Only the lines from the one containing "z within cball" through the one containing "using radial_limit_cball(2)[OF that]" should be printed, exactly as they appear below, with both ends included.
---------- RECORDS FOR PROCESSING
(* Let $B$ be the open unit disk, let $U=(u,v)\in C^1(\overline B;\mathbb R^2)$ be harmonic in $B$, $\Phi=U|_{\partial B}$, $\tilde u$ a harmonic conjugate of $u$ and $f=u+i\tilde u$. Assume $\det DU>0$ on $\partial B$ and that $\frac{\partial u}{\partial\theta}\big|_{\partial B}$ vanishes at only finitely many points. Then $\mathrm{WN}(f(\partial B))=\mathrm{WN}(\Phi(\partial B))$.
   Context: For a closed curve parameterized by a $C^1$ map $\theta\mapsto F(e^{i\theta})$ with $\partial F/\partial\theta\neq0$ for all $\theta$, its winding number is $\mathrm{WN}=\frac1{2\pi}\int_{\partial B}\mathrm d\,\arg\left(\frac{\partial F}{\partial\theta}\right)$. *)

theory Defs
  imports "HOL-Complex_Analysis.Complex_Analysis"
begin

text \<open>Points of the plane are complex numbers z = x + i y.
  u is C^1 on S with (continuous) partial derivatives ux = du/dx, uy = du/dy
  (derivative taken within S, i.e. one-sided at boundary points of S).\<close>
definition has_partials_on ::
  "(complex \<Rightarrow> real) \<Rightarrow> (complex \<Rightarrow> real) \<Rightarrow> (complex \<Rightarrow> real) \<Rightarrow> complex set \<Rightarrow> bool" where
  "has_partials_on u ux uy S \<longleftrightarrow>
     (\<forall>z\<in>S. (u has_derivative (\<lambda>h. ux z * Re h + uy z * Im h)) (at z within S)) \<and>
     continuous_on S ux \<and> continuous_on S uy"

definition harmonic_on :: "(complex \<Rightarrow> real) \<Rightarrow> complex set \<Rightarrow> bool" where
  "harmonic_on u S \<longleftrightarrow> open S \<and>
     (\<exists>ux uy uxx uxy uyx uyy.
        has_partials_on u ux uy S \<and> has_partials_on ux uxx uxy S \<and> has_partials_on uy uyx uyy S \<and>
        (\<forall>z\<in>S. uxx z + uyy z = 0))"

text \<open>Angular derivative d/d theta = x d/dy - y d/dx.\<close>
definition dtheta :: "(complex \<Rightarrow> real) \<Rightarrow> (complex \<Rightarrow> real) \<Rightarrow> complex \<Rightarrow> real" where
  "dtheta ux uy z = Re z * uy z - Im z * ux z"

definition regular_closed_curve :: "(real \<Rightarrow> complex) \<Rightarrow> bool" where
  "regular_closed_curve \<gamma> \<longleftrightarrow>
     (\<forall>\<theta>. \<gamma> (\<theta> + 2 * pi) = \<gamma> \<theta>) \<and>
     (\<forall>\<theta>. (\<gamma> has_vector_derivative vector_derivative \<gamma> (at \<theta>)) (at \<theta>)) \<and>
     continuous_on UNIV (\<lambda>\<theta>. vector_derivative \<gamma> (at \<theta>)) \<and>
     (\<forall>\<theta>. vector_derivative \<gamma> (at \<theta>) \<noteq> 0)"

text \<open>WN = (1/2pi) \<integral> d arg (d gamma / d theta) over theta in [0, 2 pi]:
  the winding number about 0 of the tangent curve.\<close>
definition WN :: "(real \<Rightarrow> complex) \<Rightarrow> complex" where
  "WN \<gamma> = winding_number (\<lambda>t. vector_derivative \<gamma> (at (2 * pi * t))) 0"

end

theory Submission
  imports Defs
begin

text \<open>On the unit circle the tangent of \<open>\<theta> \<mapsto> U(e^{i\<theta>})\<close> is
  \<open>u\<^sub>\<theta> + i v\<^sub>\<theta>\<close>, while the tangent of \<open>\<theta> \<mapsto> f(e^{i\<theta>})\<close> is
  \<open>i z f'(z) = u\<^sub>\<theta> + i u\<^sub>r\<close>, because \<open>f' = u\<^sub>x - i u\<^sub>y\<close> extends continuously
  to the closed disc. The two tangents have the same real part, and where it vanishes the
  product of their imaginary parts is \<open>u\<^sub>r v\<^sub>\<theta> = det DU > 0\<close>. Hence the segment
  joining them never meets 0, and the linear homotopy between the tangent curves shows
  that their winding numbers agree.\<close>

lemma field_derivative_eq_Re_partials:
  assumes dF: "(F has_field_derivative F') (at z)"
    and dRe: "((\<lambda>w. Re (F w)) has_derivative (\<lambda>h. a * Re h + b * Im h)) (at z)"
  shows "F' = complex_of_real a - \<i> * complex_of_real b"
proof -
  have "((\<lambda>w. Re (F w)) has_derivative (\<lambda>h. Re (F' * h))) (at z)"
    using bounded_linear.has_derivative[OF bounded_linear_Re dF[unfolded has_field_derivative_def]]
    by (simp add: mult.commute)
  then have "(\<lambda>h. Re (F' * h)) = (\<lambda>h. a * Re h + b * Im h)"
    using dRe has_derivative_unique by blast
  from fun_cong[OF this, of 1] fun_cong[OF this, of \<i>] show ?thesis
    by (simp add: complex_eq_iff)
qed

lemma holomorphic_derivative_from_Re_partials:
  assumes "F holomorphic_on S" "open S" "S \<subseteq> T" "z \<in> S"
    and "has_partials_on (\<lambda>w. Re (F w)) ux uy T"
  shows "(F has_field_derivative complex_of_real (ux z) - \<i> * complex_of_real (uy z)) (at z)"
proof -
  have dF: "(F has_field_derivative deriv F z) (at z)"
    using assms(1,2,4) holomorphic_derivI by blast
  have "((\<lambda>w. Re (F w)) has_derivative (\<lambda>h. ux z * Re h + uy z * Im h)) (at z within T)"
    using assms(3-5) unfolding has_partials_on_def by auto
  then have "((\<lambda>w. Re (F w)) has_derivative (\<lambda>h. ux z * Re h + uy z * Im h)) (at z)"
    using assms(2-4) by (metis at_within_open has_derivative_subset)
  with dF show ?thesis
    using field_derivative_eq_Re_partials by metis
qed

lemma bounded_derivative_extends_to_closure:
  fixes F :: "complex \<Rightarrow> complex"
  assumes "convex S" "bounded S"
    and dF: "\<And>z. z \<in> S \<Longrightarrow> (F has_field_derivative G z) (at z within S)"
    and G: "continuous_on (closure S) G"
  obtains Fe where "continuous_on (closure S) Fe" "\<And>z. z \<in> S \<Longrightarrow> Fe z = F z"
proof -
  obtain B where B: "\<And>z. z \<in> closure S \<Longrightarrow> norm (G z) \<le> B" "B \<ge> 0"
    using compact_continuous_image[OF G] assms(2) compact_imp_bounded bounded_pos
    by (metis compact_closure image_eqI less_imp_le)
  have "B-lipschitz_on S F"
  proof (rule lipschitz_onI)
    show "dist (F x) (F y) \<le> B * dist x y" if "x \<in> S" "y \<in> S" for x y
      using field_differentiable_bound[OF assms(1) dF B(1) that] closure_subset
      by (auto simp: dist_norm)
  qed (rule B(2))
  then obtain Fe where "B-lipschitz_on (closure S) Fe" "\<forall>z\<in>S. Fe z = F z"
    using lipschitz_extend_closure by blast
  then show ?thesis
    using that lipschitz_on_continuous_on by blast
qed

lemma Lim_within_eq_continuous_extension:
  assumes "continuous_on (closure S) Fe" "\<And>w. w \<in> S \<Longrightarrow> Fe w = F w" "z islimpt S"
  shows "Lim (at z within S) F = Fe z"
proof (rule tendsto_Lim)
  show "\<not> trivial_limit (at z within S)"
    using assms(3) trivial_limit_within by blast
  have "(Fe \<longlongrightarrow> Fe z) (at z within closure S)"
    using assms(1,3) closure_def continuous_on_def by blast
  then have "(Fe \<longlongrightarrow> Fe z) (at z within S)"
    by (rule tendsto_within_subset) (rule closure_subset)
  then show "(F \<longlongrightarrow> Fe z) (at z within S)"
    by (rule tendsto_cong[THEN iffD1, rotated])
       (auto simp: eventually_at_filter assms(2) intro: always_eventually)
qed

lemma field_differentiable_bound_linearization:
  fixes S :: "'a::real_normed_field set"
  assumes "convex S"
    and dF: "\<And>w. w \<in> S \<Longrightarrow> (F has_field_derivative G w) (at w within S)"
    and "\<And>w. w \<in> S \<Longrightarrow> norm (G w - c) \<le> e" "x \<in> S" "y \<in> S"
  shows "norm (F x - F y - c * (x - y)) \<le> e * norm (x - y)"
proof -
  have "norm ((F x - c * x) - (F y - c * y)) \<le> e * norm (x - y)"
    by (rule field_differentiable_bound[OF assms(1) _ assms(3-5)])
       (auto intro!: derivative_eq_intros dF)
  then show ?thesis
    by (simp add: algebra_simps)
qed

lemma radial_limit_cball:
  fixes w :: complex
  assumes "w \<in> cball 0 1"
  shows "((\<lambda>r. of_real r * w) \<longlongrightarrow> w) (at_left 1)"
    and "\<forall>\<^sub>F r in at_left 1. of_real r * w \<in> ball 0 1"
proof -
  show "((\<lambda>r. of_real r * w) \<longlongrightarrow> w) (at_left 1)"
    by (auto intro!: tendsto_eq_intros)
  show "\<forall>\<^sub>F r in at_left 1. of_real r * w \<in> ball 0 1"
    using eventually_at_left_real[OF zero_less_one]
  proof (rule eventually_mono)
    fix r :: real
    assume "r \<in> {0<..<1}"
    then have r: "0 < r" "r < 1"
      by auto
    then have "r * norm w \<le> r"
      using assms by (intro mult_left_le) auto
    moreover have "norm (of_real r * w) = r * norm w"
      using r by (simp add: norm_mult)
    ultimately have "norm (of_real r * w) < 1"
      using r by linarith
    then show "of_real r * w \<in> ball 0 1"
      by simp
  qed
qed

lemma has_field_derivative_extension_cball:
  fixes F Fe G :: "complex \<Rightarrow> complex"
  assumes dF: "\<And>w. w \<in> ball 0 1 \<Longrightarrow> (F has_field_derivative G w) (at w)"
    and G: "continuous_on (cball 0 1) G"
    and Fe: "continuous_on (cball 0 1) Fe" "\<And>w. w \<in> ball 0 1 \<Longrightarrow> Fe w = F w"
    and z: "z \<in> cball 0 1"
  shows "(Fe has_field_derivative G z) (at z within cball 0 1)"
  unfolding has_field_derivative_def has_derivative_within_alt
proof (intro conjI allI impI)
  show "bounded_linear ((*) (G z))"
    by (rule bounded_linear_mult_right)
  fix e :: real
  assume "e > 0"
  then have "\<exists>d>0. \<forall>w\<in>cball 0 1. dist w z < d \<longrightarrow> dist (G w) (G z) < e"
    using G z unfolding continuous_on_iff by blast
  then obtain d where "d > 0"
    and dG: "\<And>w. w \<in> cball 0 1 \<Longrightarrow> dist w z < d \<Longrightarrow> dist (G w) (G z) < e"
    by blast
  define S where "S = ball 0 1 \<inter> ball z d"
  have linearization: "norm (F x - F x' - G z * (x - x')) \<le> e * norm (x - x')"
    if "x \<in> S" "x' \<in> S" for x x'
  proof (rule field_differentiable_bound_linearization[OF _ _ _ that])
    show "convex S"
      unfolding S_def by (simp add: convex_Int)
    show "(F has_field_derivative G w) (at w within S)" if "w \<in> S" for w
      using dF that by (simp add: S_def has_field_derivative_at_within)
    show "norm (G w - G z) \<le> e" if "w \<in> S" for w
      using dG[of w] that by (auto simp: S_def dist_norm norm_minus_commute)
  qed
  have Fe_radial: "((\<lambda>r. Fe (of_real r * w)) \<longlongrightarrow> Fe w) (at_left 1)" if "w \<in> cball 0 1" for w
    using radial_limit_cball(2)[OF that]
    by (intro continuous_on_tendsto_compose[OF Fe(1) radial_limit_cball(1)[OF that] that])
       (auto elim: eventually_mono)
  show "\<exists>d>0. \<forall>y\<in>cball 0 1. norm (y - z) < d \<longrightarrow> norm (Fe y - Fe z - G z * (y - z)) \<le> e * norm (y - z)"
  proof (intro exI[of _ d] conjI ballI impI \<open>d > 0\<close>)
    fix y
    assume y: "y \<in> cball 0 1" "norm (y - z) < d"
    txt \<open>Pass to the limit \<open>r \<rightarrow> 1\<close> in the linearization bound at the interior points
      \<open>r y\<close> and \<open>r z\<close>.\<close>
    define ry rz where "ry r = of_real r * y" and "rz r = of_real r * z" for r :: real
    have "((\<lambda>r. Fe (ry r) - Fe (rz r) - G z * (ry r - rz r)) \<longlongrightarrow> Fe y - Fe z - G z * (y - z)) (at_left 1)"
      unfolding ry_def rz_def by (intro tendsto_intros Fe_radial radial_limit_cball y(1) z)
    moreover have "\<forall>\<^sub>F r in at_left 1. Fe (ry r) - Fe (rz r) - G z * (ry r - rz r)
        = F (ry r) - F (rz r) - G z * (ry r - rz r)"
      using radial_limit_cball(2)[OF y(1)] radial_limit_cball(2)[OF z]
      by eventually_elim (simp add: Fe(2) ry_def rz_def)
    ultimately have lim: "((\<lambda>r. F (ry r) - F (rz r) - G z * (ry r - rz r)) \<longlongrightarrow> Fe y - Fe z - G z * (y - z)) (at_left 1)"
      by (rule Lim_transform_eventually)
    have dist_radial: "((\<lambda>r. norm (of_real r * w - z)) \<longlongrightarrow> norm (w - z)) (at_left 1)"
      if "w \<in> cball 0 1" for w
      by (intro tendsto_norm tendsto_diff tendsto_const radial_limit_cball that)
    have "\<forall>\<^sub>F r in at_left 1. norm (ry r - z) < d"
      unfolding ry_def using order_tendstoD(2)[OF dist_radial[OF y(1)] y(2)] .
    moreover have "\<forall>\<^sub>F r in at_left 1. norm (rz r - z) < d"
      unfolding rz_def using order_tendstoD(2)[OF dist_radial[OF z]] \<open>d > 0\<close> by simp
    ultimately have "\<forall>\<^sub>F r in at_left 1. norm (F (ry r) - F (rz r) - G z * (ry r - rz r)) \<le> e * norm (y - z)"
      using radial_limit_cball(2)[OF y(1)] radial_limit_cball(2)[OF z] eventually_at_left_real[OF zero_less_one]
      unfolding ry_def rz_def
    proof eventually_elim
      case (elim r)
      then have "norm (F (of_real r * y) - F (of_real r * z) - G z * (of_real r * y - of_real r * z))
          \<le> e * norm (of_real r * y - of_real r * z)"
        by (intro linearization) (auto simp: S_def dist_norm norm_minus_commute)
      also have "\<dots> = e * (r * norm (y - z))"
        using elim by (simp add: norm_mult flip: right_diff_distrib)
      also have "\<dots> \<le> e * norm (y - z)"
        using elim \<open>e > 0\<close> by (intro mult_left_mono mult_left_le_one_le) auto
      finally show ?case .
    qed
    then show "norm (Fe y - Fe z - G z * (y - z)) \<le> e * norm (y - z)"
      by (rule tendsto_le[OF trivial_limit_at_left_real tendsto_const tendsto_norm[OF lim]])
  qed
qed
--------------------
◆ **TASK OUTPUT**
  shows "(Fe has_field_derivative G z) (at z within cball 0 1)"
  unfolding has_field_derivative_def has_derivative_within_alt
proof (intro conjI allI impI)
  show "bounded_linear ((*) (G z))"
    by (rule bounded_linear_mult_right)
  fix e :: real
  assume "e > 0"
  then have "\<exists>d>0. \<forall>w\<in>cball 0 1. dist w z < d \<longrightarrow> dist (G w) (G z) < e"
    using G z unfolding continuous_on_iff by blast
  then obtain d where "d > 0"
    and dG: "\<And>w. w \<in> cball 0 1 \<Longrightarrow> dist w z < d \<Longrightarrow> dist (G w) (G z) < e"
    by blast
  define S where "S = ball 0 1 \<inter> ball z d"
  have linearization: "norm (F x - F x' - G z * (x - x')) \<le> e * norm (x - x')"
    if "x \<in> S" "x' \<in> S" for x x'
  proof (rule field_differentiable_bound_linearization[OF _ _ _ that])
    show "convex S"
      unfolding S_def by (simp add: convex_Int)
    show "(F has_field_derivative G w) (at w within S)" if "w \<in> S" for w
      using dF that by (simp add: S_def has_field_derivative_at_within)
    show "norm (G w - G z) \<le> e" if "w \<in> S" for w
      using dG[of w] that by (auto simp: S_def dist_norm norm_minus_commute)
  qed
  have Fe_radial: "((\<lambda>r. Fe (of_real r * w)) \<longlongrightarrow> Fe w) (at_left 1)" if "w \<in> cball 0 1" for w
    using radial_limit_cball(2)[OF that]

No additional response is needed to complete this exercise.